- Task prompt
Your task is to copy the stretch of lines in the records below that begins with the line containing "monomial \<open>x\<^sup>m\<close>: a monomial" and ends with the line containing "generators are \<open>x\<^sub>j", exactly as written, with nothing added.

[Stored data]
______________________________

(* In the algebra $\mathcal Y_d$ the following hold for all $r,s\ge0$: $[a_r,a_s]=0$; $[a_1,b_s]=b_s$; $[a_{r+1},b_s]-[a_r,b_{s+1}]=b_{r+s}-\sum_{t=0}^{r-1}b_{r+s-t-1}a_t$; $[b_{r+1},b_s]-[b_r,b_{s+1}]=b_rb_s+b_sb_r$.
   Context: Let $V=\mathbb C^d$ and $\mathfrak a=(\mathfrak{gl}(V)\ltimes V)\oplus(\mathfrak{gl}(V)\ltimes V^* )$ with basis $e_{ij}$, $e'_{ij}$ (standard matrix units of the two copies of $\mathfrak{gl}(V)$), $q_i$ (basis of $V$), $p_i$ (basis of $V^*$), brackets: standard $\mathfrak{gl}$ brackets among the $e$'s and among the $e'$'s, $[e_{ij},q_k]=\delta_{jk}q_i$, $[e'_{ij},p_k]=-\delta_{ki}p_j$, all other brackets of basis elements zero. Let $\mathfrak{gl}(V)_{\rm diag}$ be spanned by $e_{ij}+e'_{ij}$ and $\mathcal Y_d:=\big(U(\mathfrak a)/U(\mathfrak a)\mathfrak{gl}(V)_{\rm diag}\big)^{\mathfrak{gl}(V)_{\rm diag}}$ (an algebra, the quantum Hamiltonian reduction). Define in $\mathcal Y_d$ the images of $a_r=\sum_{i_1,\dots,i_r}e_{i_1i_2}e_{i_2i_3}\cdots e_{i_ri_1}$ ($r\ge1$), $a_0=d$, and $b_s=\sum_{i_1,\dots,i_{s+1}}p_{i_1}e_{i_1i_2}\cdots e_{i_si_{s+1}}q_{i_{s+1}}$ ($s\ge0$). *)

theory Defs
  imports Complex_Main "HOL-Library.Function_Algebras"
begin

text \<open>Basis of the Lie algebra a = (gl(V) x| V) (+) (gl(V) x| V*), V = C^d,
  indices 0..d-1.  E i j = e_ij, E' i j = e'_ij, Q k = q_k, P k = p_k.\<close>
datatype gen = E nat nat | E' nat nat | Q nat | P nat

fun valid_gen :: "nat \<Rightarrow> gen \<Rightarrow> bool" where
  "valid_gen d (E i j) = (i < d \<and> j < d)"
| "valid_gen d (E' i j) = (i < d \<and> j < d)"
| "valid_gen d (Q k) = (k < d)"
| "valid_gen d (P k) = (k < d)"
text \<open>Let \<open>P \<noteq> Q\<close> and fix a monomial order. Among the variables \<open>x\<^sub>j\<close> with
\<open>P\<^sub>j \<noteq> Q\<^sub>j\<close> let \<open>x\<^sub>i\<close> be the smallest. For every monomial \<open>x\<^sup>m \<notin> {1, x\<^sub>i}\<close> the
polynomial \<open>x\<^sup>m - c - d x\<^sub>i\<close>, where \<open>c + d t\<close> is the line through \<open>(P\<^sub>i, P\<^sup>m)\<close> and
\<open>(Q\<^sub>i, Q\<^sup>m)\<close>, vanishes at \<open>P\<close> and \<open>Q\<close> and has leading monomial \<open>x\<^sup>m\<close>: a monomial
below \<open>x\<^sub>i\<close> only involves variables on which \<open>P\<close> and \<open>Q\<close> agree. For the same reason no
nonzero element of \<open>I({P,Q})\<close> has leading monomial \<open>x\<^sub>i\<close>, and none is a constant. So
the leading monomials of the ideal are all monomials but \<open>1, x\<^sub>i\<close>, their minimal
generators are \<open>x\<^sub>j (j \<noteq> i)\<close> and \<open>x\<^sub>i\<^sup>2\<close>, and the reduced basis depends on the order
only through \<open>i\<close>: there are at most \<open>n\<close> of them. For \<open>P = (0,\<dots>,0)\<close> and
\<open>Q = (1,\<dots>,1)\<close> every \<open>i\<close> occurs, via the graded order giving \<open>x\<^sub>i\<close> weight 1 and the
other variables weight 2, and different \<open>i\<close> give different bases since only the one
for \<open>i\<close> contains a polynomial with monomial \<open>x\<^sub>i\<^sup>2\<close>.\<close>

lemma finite_has_greatest_wrt_total:
  assumes "finite S" "S \<noteq> {}"
    and "\<forall>a\<in>S. \<forall>b\<in>S. \<forall>c\<in>S. R a b \<longrightarrow> R b c \<longrightarrow> R a c"
    and "\<forall>a\<in>S. \<forall>b\<in>S. R a b \<or> R b a"
  shows "\<exists>m\<in>S. \<forall>a\<in>S. R a m"
  using assms
proof (induction S rule: finite_ne_induct)
  case (singleton x)
  then show ?case by blast
next
  case (insert x F)
  then obtain m where m: "m \<in> F" "\<forall>a\<in>F. R a m"
    by blast
  show ?case
  proof (cases "R x m")
    case True
    then show ?thesis using m by blast
  next
    case False
    then have "R m x" using insert.prems m(1) by blast
    then show ?thesis using insert.prems m by blast
  qed
qed

subsection \<open>Monomials\<close>

definition var_monom :: "nat \<Rightarrow> monom" where
  "var_monom j = Poly_Mapping.single j 1"

definition monom_val :: "nat \<Rightarrow> monom \<Rightarrow> 'a::comm_semiring_1 list \<Rightarrow> 'a" where
  "monom_val n m x = (\<Prod>i<n. (x ! i) ^ Poly_Mapping.lookup m i)"

lemma lookup_var_monom: "Poly_Mapping.lookup (var_monom j) k = (if k = j then 1 else 0)"
  by (simp add: var_monom_def lookup_single when_def)

lemma lookup_var_monom_sq:
  "Poly_Mapping.lookup (var_monom j + var_monom j) k = (if k = j then 2 else 0)"
  by (simp add: lookup_add lookup_var_monom)

lemma var_monom_neq_zero [simp]: "var_monom j \<noteq> 0"
  by (metis lookup_var_monom lookup_zero one_neq_zero)

lemma var_monom_eq_iff: "var_monom j = var_monom k \<longleftrightarrow> j = k"
  by (metis lookup_var_monom one_neq_zero)

lemma monom_eq_var_monom_iff:
  "m = var_monom j \<longleftrightarrow> Poly_Mapping.lookup m j = 1 \<and> (\<forall>k\<noteq>j. Poly_Mapping.lookup m k = 0)"
  by (auto simp: lookup_var_monom intro!: poly_mapping_eqI)

lemma monom_eq_zero_iff: "m = 0 \<longleftrightarrow> (\<forall>k. Poly_Mapping.lookup m k = 0)"
  by (auto intro: poly_mapping_eqI)

lemma var_monom_sq_neq:
  "var_monom j + var_monom j \<noteq> 0" "var_monom j + var_monom j \<noteq> var_monom k"
  by (auto simp: monom_eq_zero_iff monom_eq_var_monom_iff lookup_var_monom_sq)

lemma var_monom_sq_eq_iff: "var_monom j + var_monom j = var_monom k + var_monom k \<longleftrightarrow> j = k"
  by (metis lookup_var_monom_sq zero_neq_numeral)

lemma monoms_iff: "a \<in> monoms n \<longleftrightarrow> (\<forall>j\<ge>n. Poly_Mapping.lookup a j = 0)"
  unfolding monoms_def by (auto simp: in_keys_iff) (metis leI less_irrefl)

lemma zero_in_monoms [simp]: "0 \<in> monoms n"
  by (simp add: monoms_iff)

lemma var_monom_in_monoms: "j < n \<Longrightarrow> var_monom j \<in> monoms n"
  by (simp add: monoms_iff lookup_var_monom)

lemma add_in_monoms: "a \<in> monoms n \<Longrightarrow> b \<in> monoms n \<Longrightarrow> a + b \<in> monoms n"
  by (simp add: monoms_iff lookup_add)

lemma diff_in_monoms: "a \<in> monoms n \<Longrightarrow> a - b \<in> monoms n"
  by (simp add: monoms_iff lookup_minus)

lemma keys_subset_monoms: "f \<in> polys n \<Longrightarrow> Poly_Mapping.keys f \<subseteq> monoms n"
  unfolding polys_def by auto

lemma monom_val_zero [simp]: "monom_val n 0 x = 1"
  by (simp add: monom_val_def)

lemma monom_val_var_monom:
  assumes "i < n"
  shows "monom_val n (var_monom i) x = x ! i"
proof -
  have "monom_val n (var_monom i) x = (\<Prod>j<n. if j = i then x ! j else 1)"
    unfolding monom_val_def by (rule prod.cong) (auto simp: lookup_var_monom)
  also have "\<dots> = x ! i"
    using assms by simp
  finally show ?thesis .
qed

lemma monom_val_eqI:
  assumes "\<And>j. j < n \<Longrightarrow> Poly_Mapping.lookup m j > 0 \<Longrightarrow> P ! j = Q ! j"
  shows "monom_val n m P = monom_val n m Q"
  unfolding monom_val_def by (rule prod.cong) (use assms in \<open>auto\<close>, metis assms power_0 not_gr0)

______________________________

- Exercise response
\<open>(Q\<^sub>i, Q\<^sup>m)\<close>, vanishes at \<open>P\<close> and \<open>Q\<close> and has leading monomial \<open>x\<^sup>m\<close>: a monomial
below \<open>x\<^sub>i\<close> only involves variables on which \<open>P\<close> and \<open>Q\<close> agree. For the same reason no
nonzero element of \<open>I({P,Q})\<close> has leading monomial \<open>x\<^sub>i\<close>, and none is a constant. So
the leading monomials of the ideal are all monomials but \<open>1, x\<^sub>i\<close>, their minimal
generators are \<open>x\<^sub>j (j \<noteq> i)\<close> and \<open>x\<^sub>i\<^sup>2\<close>, and the reduced basis depends on the order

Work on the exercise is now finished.